Федор задумчиво повертел в руках конверт. Однако задача… Каподистрия ждет боеприпасов. Но Сахтури извещает, что мятеж подавлен. Значит, нужда в порохе покамест не так велика… А Мавромихали, эта продажная сволочь, должен быть схвачен.
– Лоцмана на борт! – приказал Матюшкин. – Гребцам обождать.
Он ушел в каюту и сел за письмо к командиру греческого брига «Тималион». Надо сговориться с капитаном Чиприоти: выстрел под ветер – значит, вижу судно; два выстрела – прошу рандеву.

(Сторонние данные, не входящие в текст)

definition rep_map_of :: "nat \<Rightarrow> nat set set \<Rightarrow> nat \<Rightarrow> nat" where
  "rep_map_of n F j = (if j \<in> {1..n} \<and> column F j \<noteq> {} then (LEAST k. column F k = column F j) else 0)"

definition family_of :: "nat \<Rightarrow> nat set set \<Rightarrow> nat set set" where
  "family_of n F = (\<lambda>I. I \<inter> reps n (rep_map_of n F)) ` F"

lemma expand_Int_reps: "S \<subseteq> reps n g \<Longrightarrow> expand n g S \<inter> reps n g = S"
  by (auto simp: expand_def reps_def)

context
  fixes n g G
  assumes g: "g \<in> rep_maps n" and G: "G \<in> sep_families (reps n g)"
begin


lemma sep_family_subset: "S \<in> G \<Longrightarrow> S \<subseteq> (reps n g) \<and> S \<noteq> {}"
  using G by (auto simp: sep_families_def sep_families_def)

lemma separating_sep_family: "separating (reps n g) G" using G by (simp add: sep_families_def)

lemma inj_on_expand: "inj_on (expand n g) G"
  by (rule inj_onI) (metis expand_Int_reps sep_family_subset)

lemma expand_family_in: "(expand n g ` G) \<in> Pow (Pow {1..n} - {{}})"
proof -
  have "expand n g S \<in> (Pow {1..n} - {{}})" if S: "S \<in> G" for S
  proof -
    obtain m where m: "m \<in> S" using sep_family_subset[OF S] by blast
    then have "m \<in> (reps n g)" using sep_family_subset[OF S] by blast
    then have "m \<in> expand n g S" using m by (auto simp: reps_def expand_def)
    then show ?thesis by (auto simp: Pow_def expand_def)
  qed
  then show ?thesis by blast
qed

lemma mem_expand: "j \<in> expand n g S \<longleftrightarrow> j \<in> {1..n} \<and> g j \<in> S"
  by (simp add: expand_def)

lemma column_expand: "j \<in> {1..n} \<Longrightarrow> column (expand n g ` G) j = expand n g ` {S\<in>G. g j \<in> S}"
  by (auto simp: column_def mem_expand)

lemma column_expand_outside: "j \<notin> {1..n} \<Longrightarrow> column (expand n g ` G) j = {}"
  by (auto simp: column_def mem_expand)

lemma column_expand_eq_iff:
  assumes j: "j \<in> {1..n}" and j': "j' \<in> {1..n}"
  shows "column (expand n g ` G) j = column (expand n g ` G) j' \<longleftrightarrow> g j = g j'"
proof
  assume "g j = g j'" then show "column (expand n g ` G) j = column (expand n g ` G) j'" using column_expand[OF j] column_expand[OF j'] by simp
next
  assume eq: "column (expand n g ` G) j = column (expand n g ` G) j'"
  show "g j = g j'"
  proof (rule ccontr)
    assume ne: "g j \<noteq> g j'"
    have memc: "expand n g S \<in> column (expand n g ` G) k \<longleftrightarrow> g k \<in> S" if "S \<in> G" "k \<in> {1..n}" for S k
    proof -
      have "expand n g S \<in> column (expand n g ` G) k \<longleftrightarrow> (\<exists>S'\<in>G. g k \<in> S' \<and> expand n g S = expand n g S')"
        using column_expand[OF that(2)] by auto
      also have "\<dots> \<longleftrightarrow> g k \<in> S" using inj_on_expand that(1) by (auto simp: inj_on_def)
      finally show ?thesis .
    qed
    show False
    proof (cases "g j = 0")
      case True
      then have "g j' \<noteq> 0" using ne by simp
      then have "g j' \<in> (reps n g)" using rep_maps_inside[OF g j'] by blast
      then obtain S where S: "S \<in> G" "g j' \<in> S" using separating_sep_family unfolding separating_def by blast
      have "g j \<notin> S" using True sep_family_subset[OF S(1)] reps_subset by force
      then show False using memc[OF S(1) j] memc[OF S(1) j'] S(2) eq by blast
    next
      case False
      then have gjM: "g j \<in> (reps n g)" using rep_maps_inside[OF g j] by blast
      show False
      proof (cases "g j' = 0")
        case True
        obtain S where S: "S \<in> G" "g j \<in> S" using separating_sep_family gjM unfolding separating_def by blast
        have "g j' \<notin> S" using True sep_family_subset[OF S(1)] reps_subset by force
        then show False using memc[OF S(1) j] memc[OF S(1) j'] S(2) eq by blast
      next
        case False
        then have gj'M: "g j' \<in> (reps n g)" using rep_maps_inside[OF g j'] by blast
        have "\<exists>S\<in>G. (g j \<in> S) \<noteq> (g j' \<in> S)"
          using separating_sep_family[unfolded separating_def, THEN conjunct2, rule_format, OF gjM gj'M ne] .
        then obtain S where S: "S \<in> G" "(g j \<in> S) \<noteq> (g j' \<in> S)" by (elim bexE)
        have "(expand n g S \<in> column (expand n g ` G) j) \<noteq> (expand n g S \<in> column (expand n g ` G) j')"
          using S(2) memc[OF S(1) j] memc[OF S(1) j'] by simp
        then show False using eq by simp
      qed
    qed
  qed
qed
definition prefers :: "nat list \<Rightarrow> nat \<Rightarrow> nat \<Rightarrow> bool" where
  "prefers p a b \<longleftrightarrow> (\<exists>i j. i < j \<and> j < length p \<and> p ! i = a \<and> p ! j = b)"

definition total_weight :: "nat \<Rightarrow> (nat list \<Rightarrow> real) \<Rightarrow> real" where
  "total_weight m w = (\<Sum>p\<in>rankings m. w p)"

definition cprofile :: "nat \<Rightarrow> (nat list \<Rightarrow> real) \<Rightarrow> bool" where
  "cprofile m w \<longleftrightarrow> (\<forall>p\<in>rankings m. w p \<ge> 0) \<and> (\<forall>p. p \<notin> rankings m \<longrightarrow> w p = 0)
     \<and> total_weight m w > 0"

definition normalize :: "nat \<Rightarrow> (nat list \<Rightarrow> real) \<Rightarrow> (nat list \<Rightarrow> real)" where
  "normalize m w = (\<lambda>p. w p / total_weight m w)"

definition normalized_profile :: "nat \<Rightarrow> (nat list \<Rightarrow> real) \<Rightarrow> bool" where
  "normalized_profile m w \<longleftrightarrow> cprofile m w \<and> total_weight m w = 1"

definition voting_rule :: "nat \<Rightarrow> ((nat list \<Rightarrow> real) \<Rightarrow> nat) \<Rightarrow> bool" where
  "voting_rule m f \<longleftrightarrow> (\<forall>w. cprofile m w \<longrightarrow> f w \<in> {1..m})"

definition homogeneous :: "nat \<Rightarrow> ((nat list \<Rightarrow> real) \<Rightarrow> nat) \<Rightarrow> bool" where
  "homogeneous m f \<longleftrightarrow> (\<forall>w. cprofile m w \<longrightarrow> f w = f (normalize m w))"

definition dprofiles :: "nat \<Rightarrow> nat \<Rightarrow> (nat \<Rightarrow> nat list) set" where
  "dprofiles m n = PiE {1..n} (\<lambda>_. rankings m)"

definition dweights :: "nat \<Rightarrow> (nat \<Rightarrow> nat list) \<Rightarrow> (nat list \<Rightarrow> real)" where
  "dweights n P = (\<lambda>p. real (card {v\<in>{1..n}. P v = p}))"

definition CM :: "nat \<Rightarrow> nat \<Rightarrow> ((nat list \<Rightarrow> real) \<Rightarrow> nat) \<Rightarrow> (nat \<Rightarrow> nat list) \<Rightarrow> bool" where
  "CM m n f P \<longleftrightarrow> (\<exists>Q\<in>dprofiles m n.
      f (dweights n Q) \<noteq> f (dweights n P) \<and>
      (\<forall>v\<in>{1..n}. Q v \<noteq> P v \<longrightarrow> prefers (P v) (f (dweights n Q)) (f (dweights n P))))"

definition unison_move :: "nat \<Rightarrow> (nat list \<Rightarrow> real) \<Rightarrow> nat \<Rightarrow> nat \<Rightarrow> nat list \<Rightarrow> (nat list \<Rightarrow> real)" where
  "unison_move m w b c q = (\<lambda>p.
      (if prefers p c b then 0 else w p) +
      (if p = q then (\<Sum>r\<in>{r\<in>rankings m. prefers r c b}. w r) else 0))"

definition UM :: "nat \<Rightarrow> ((nat list \<Rightarrow> real) \<Rightarrow> nat) \<Rightarrow> (nat list \<Rightarrow> real) \<Rightarrow> bool" where
  "UM m f w \<longleftrightarrow> (\<exists>c\<in>{1..m}. \<exists>q\<in>rankings m.
      c \<noteq> f w \<and> f (unison_move m w (f w) c q) = c)"

definition identity_ranking :: "nat \<Rightarrow> nat list" where
  "identity_ranking m = [1..<m+1]"

text \<open>Expected normalized profile of Perturbed Culture.\<close>
definition hatP :: "nat \<Rightarrow> real \<Rightarrow> (nat list \<Rightarrow> real)" where
  "hatP m \<theta> = (\<lambda>p. if p \<in> rankings m then
       (if p = identity_ranking m then \<theta> else 0) + (1 - \<theta>) / fact m else 0)"

text \<open>Probability that a single voter has ranking p under Perturbed Culture.\<close>
definition pc_prob :: "nat \<Rightarrow> real \<Rightarrow> nat list \<Rightarrow> real" where
  "pc_prob m \<theta> p = (if p = identity_ranking m then \<theta> else 0) + (1 - \<theta>) / fact m"

definition CM_rate :: "((nat list \<Rightarrow> real) \<Rightarrow> nat) \<Rightarrow> nat \<Rightarrow> nat \<Rightarrow> real \<Rightarrow> real" where
  "CM_rate f m n \<theta> = (\<Sum>P\<in>{P\<in>dprofiles m n. CM m n f P}. \<Prod>v\<in>{1..n}. pc_prob m \<theta> (P v))"

end

theory Submission
  imports Defs "HOL-Combinatorics.Multiset_Permutations"
begin

text \<open>If \<open>f\<close> is unison-manipulable in the normalized profile of a discrete profile \<open>P\<close>, with
  manipulated winner \<open>c\<close> and ranking \<open>q\<close>, then letting exactly the voters who prefer \<open>c\<close> to
  \<open>f P\<close> switch to \<open>q\<close> yields a discrete profile whose normalization is the manipulated
  profile; by homogeneity its winner is \<open>c\<close>, so \<open>f\<close> is coalitionally manipulable in \<open>P\<close>.
  Under Perturbed Culture the count of each ranking \<open>p\<close> is a sum of \<open>n\<close> independent
  indicators, each with mean \<open>\<hat>P p\<close>, so Chebyshev's inequality and a union bound over the rankings
  show that the normalized profile lies within \<open>\<epsilon>\<close> of \<open>\<hat>P\<close> with probability at least
  \<open>1 - 1 / (n \<epsilon>\<^sup>2)\<close>.\<close>

lemma sum_PiE_prod_factor:
  fixes pc :: "'b \<Rightarrow> real" and g :: "'a \<Rightarrow> 'b \<Rightarrow> real"
  assumes "finite V" "finite R" "S \<subseteq> V" "sum pc R = 1"
  shows "(\<Sum>P\<in>PiE V (\<lambda>_. R). (\<Prod>u\<in>V. pc (P u)) * (\<Prod>u\<in>S. g u (P u)))
       = (\<Prod>u\<in>S. \<Sum>y\<in>R. pc y * g u y)"
proof -
  define k where "k u y = (if u \<in> S then pc y * g u y else pc y)" for u y
  have restrict: "(\<Prod>u\<in>S. F u) = (\<Prod>u\<in>V. if u \<in> S then F u else 1)" for F :: "'a \<Rightarrow> real"
    using prod.inter_restrict[OF \<open>finite V\<close>, of F S] \<open>S \<subseteq> V\<close> by (simp add: Int_absorb1)
  have "(\<Prod>u\<in>V. pc (P u)) * (\<Prod>u\<in>S. g u (P u)) = (\<Prod>u\<in>V. k u (P u))" for P :: "'a \<Rightarrow> 'b"
    by (simp add: restrict prod.distrib[symmetric] k_def if_distrib cong: if_cong)
  then have "(\<Sum>P\<in>PiE V (\<lambda>_. R). (\<Prod>u\<in>V. pc (P u)) * (\<Prod>u\<in>S. g u (P u)))
      = (\<Prod>u\<in>V. \<Sum>y\<in>R. k u y)"
    using prod_sum_PiE[of V "\<lambda>_. R" k] assms(1,2) by simp
  also have "\<dots> = (\<Prod>u\<in>V. if u \<in> S then \<Sum>y\<in>R. pc y * g u y else 1)"
    by (intro prod.cong refl) (simp add: k_def assms(4))
  also have "\<dots> = (\<Prod>u\<in>S. \<Sum>y\<in>R. pc y * g u y)"
    by (simp add: restrict)
  finally show ?thesis .
qed

lemma sum_PiE_prod_eq_1:
  fixes pc :: "'b \<Rightarrow> real"
  assumes "finite V" "finite R" "sum pc R = 1"
  shows "(\<Sum>P\<in>PiE V (\<lambda>_. R). \<Prod>u\<in>V. pc (P u)) = 1"
  using sum_PiE_prod_factor[OF assms(1,2) empty_subsetI assms(3)] by simp

lemma sum_PiE_square_sum:
  fixes pc h :: "'b \<Rightarrow> real"
  assumes "finite V" "finite R" "sum pc R = 1" "(\<Sum>y\<in>R. pc y * h y) = 0"
  shows "(\<Sum>P\<in>PiE V (\<lambda>_. R). (\<Prod>u\<in>V. pc (P u)) * (\<Sum>v\<in>V. h (P v))^2)
       = real (card V) * (\<Sum>y\<in>R. pc y * (h y)^2)"
proof -
  let ?E = "\<lambda>X. \<Sum>P\<in>PiE V (\<lambda>_. R). (\<Prod>u\<in>V. pc (P u)) * X P"
  have pair: "?E (\<lambda>P. h (P v) * h (P w)) = (if v = w then (\<Sum>y\<in>R. pc y * (h y)^2) else 0)"
    if "v \<in> V" "w \<in> V" for v w
  proof (cases "v = w")
    case True
    then show ?thesis
      using sum_PiE_prod_factor[OF assms(1,2) _ assms(3), of "{v}" "\<lambda>_ y. (h y)^2"] that
      by (simp add: power2_eq_square)
  next
    case False
    then show ?thesis
      using sum_PiE_prod_factor[OF assms(1,2) _ assms(3), of "{v, w}" "\<lambda>_. h"] that assms(4)
      by simp
  qed
  have "?E (\<lambda>P. (\<Sum>v\<in>V. h (P v))^2) = (\<Sum>v\<in>V. \<Sum>w\<in>V. ?E (\<lambda>P. h (P v) * h (P w)))"
  proof -
    have "(\<Sum>v\<in>V. h (P v))^2 = (\<Sum>v\<in>V. \<Sum>w\<in>V. h (P v) * h (P w))" for P :: "'a \<Rightarrow> 'b"
      by (simp add: power2_eq_square sum_product)
    then show ?thesis
      by (simp add: sum_distrib_left sum.swap[of _ "PiE V (\<lambda>_. R)"])
  qed
  also have "\<dots> = real (card V) * (\<Sum>y\<in>R. pc y * (h y)^2)"
    using assms(1) by (simp add: pair)
  finally show ?thesis .
qed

Вечер застал «Ахиллеса» уже не на востоке от мыса Матапан, а к западу от него. Матюшкин занял дозорный пост. С берегов Пелопоннеса натекали сумерки, делая море лиловым. В кают-компании на диване отдыхал грек-лоцман. Матросы на баке курили, рассказывали разные разности, что называлось по-корабельному «звонить в лапти».

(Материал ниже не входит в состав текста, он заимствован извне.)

theorem mainTheorem8:
  fixes M :: "'a measure" and Top :: "'a topology"
    and A :: "('a, 'e::euclidean_space, 'b) chart set"
    and S S' :: "'a set" and h :: "'a \<Rightarrow> 'a"
  assumes "measurable_lamination M Top TYPE('e \<times> 'b)"
    and "regular_atlas M Top A"
    and "measurable_holonomy_map M Top S S' h"
  shows "\<exists>H. measurable_homotopy M Top S H \<and>
             (\<forall>t\<in>S. H (t, 0) = t \<and> H (t, 1) = h t)"
proof -
  obtain A' :: "('a, 'e, 'b) chart set" where atlas: "countable A'"
    "\<And>c. c \<in> A' \<Longrightarrow> nonempty_chart M Top c" "topspace Top \<subseteq> (\<Union>c\<in>A'. chart_dom c)"
    and MT: "space M = topspace Top"
    using measurable_lamination_nonempty_atlas[OF assms(1)] by blast
  obtain I :: "(('a, 'e, 'b) chain_steps \<times> ('a, 'e, 'b) chart) set" where I: "countable I"
    "\<And>st cf. (st, cf) \<in> I \<Longrightarrow> nonempty_chart M Top cf \<and> set st \<subseteq> admissible_steps M Top"
    and sweep: "\<And>t y. t \<in> topspace Top \<Longrightarrow> y \<in> connected_component_of_set Top t \<Longrightarrow>
      \<exists>(st, cf)\<in>I. valid_chain t st cf y"
    using countable_chains_sweep_leaves[OF atlas] by blast
  have "S \<subseteq> topspace Top" and h: "h \<in> measurable (restrict_space M S) M"
    and "\<And>t. t \<in> S \<Longrightarrow> h t \<in> connected_component_of_set Top t"
    using assms(3) sets.sets_into_space MT
    by (auto simp: measurable_holonomy_map_def transversal_def measurable_restrict_space2_iff)
  then show ?thesis
    using leafwise_homotopy_exists[OF I h] sweep by blast
qed
end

– На Великом, значит, окияне, на сальном, братцы, на буяне, в Балтийском море был рекрут-горе… – напевно и негромко плел кто-то из марсовых. – Службу служил да по деревне тужил… Много спал да мало знал, а по ночам на вахту боцман шибко гонял… За что? А так! За то, что рекрут был дурак… Дураков не жнут, не сеют, в службе, как жерновом, мелют, дураки сами родятся да на наши руки валятся…
В полдень сблизились «Тималион» с «Ахиллесом», обменялись сигналами, опять разошлись. А перед вечером пальнула сигнальная пушка с греческого брига, и на «Ахиллесе» тотчас пробили тревогу.
Матюшкин увидел корабль, вопросительно взглянул на Скрыдлова.
– Точно так, «Феллоу», – сказал мичман.
Федор потер щеку. Союзник, черт побери… Вот штука!
– Греки идут наперерез «Феллоу», – доложил Скрыдлов. – Сигнал с «Тималиона», Федор Федорыч.
– Что такое?
– Уверяют, то самое судно, на борту которого Мавромихали.
– Ответьте: начинаем сближение.
– Слушаюсь.
«Тималион» и «Ахиллес» подходили к «Феллоу». Англичане не могли не видеть их.
– Молчит, Федор Федорыч.
– Что это, наконец, значит? – вслух подумал Матюшкин.
Лейтенант Стоддарт отнюдь не радовался союзникам. О, конечно, он бы всыпал этаким стрижам! Однако какой скандал грянет в высших сферах! И разумеется, на заклание отдадут его, лейтенанта Стоддарта. Ну а если греки знают, где этот чертов Мавромихали?
«Тималион» и «Ахиллес» подошли к «Феллоу». На английский бриг явился капитан Чиприоти, старый хитрец, с лицом загорелым, веселым, морщинистым.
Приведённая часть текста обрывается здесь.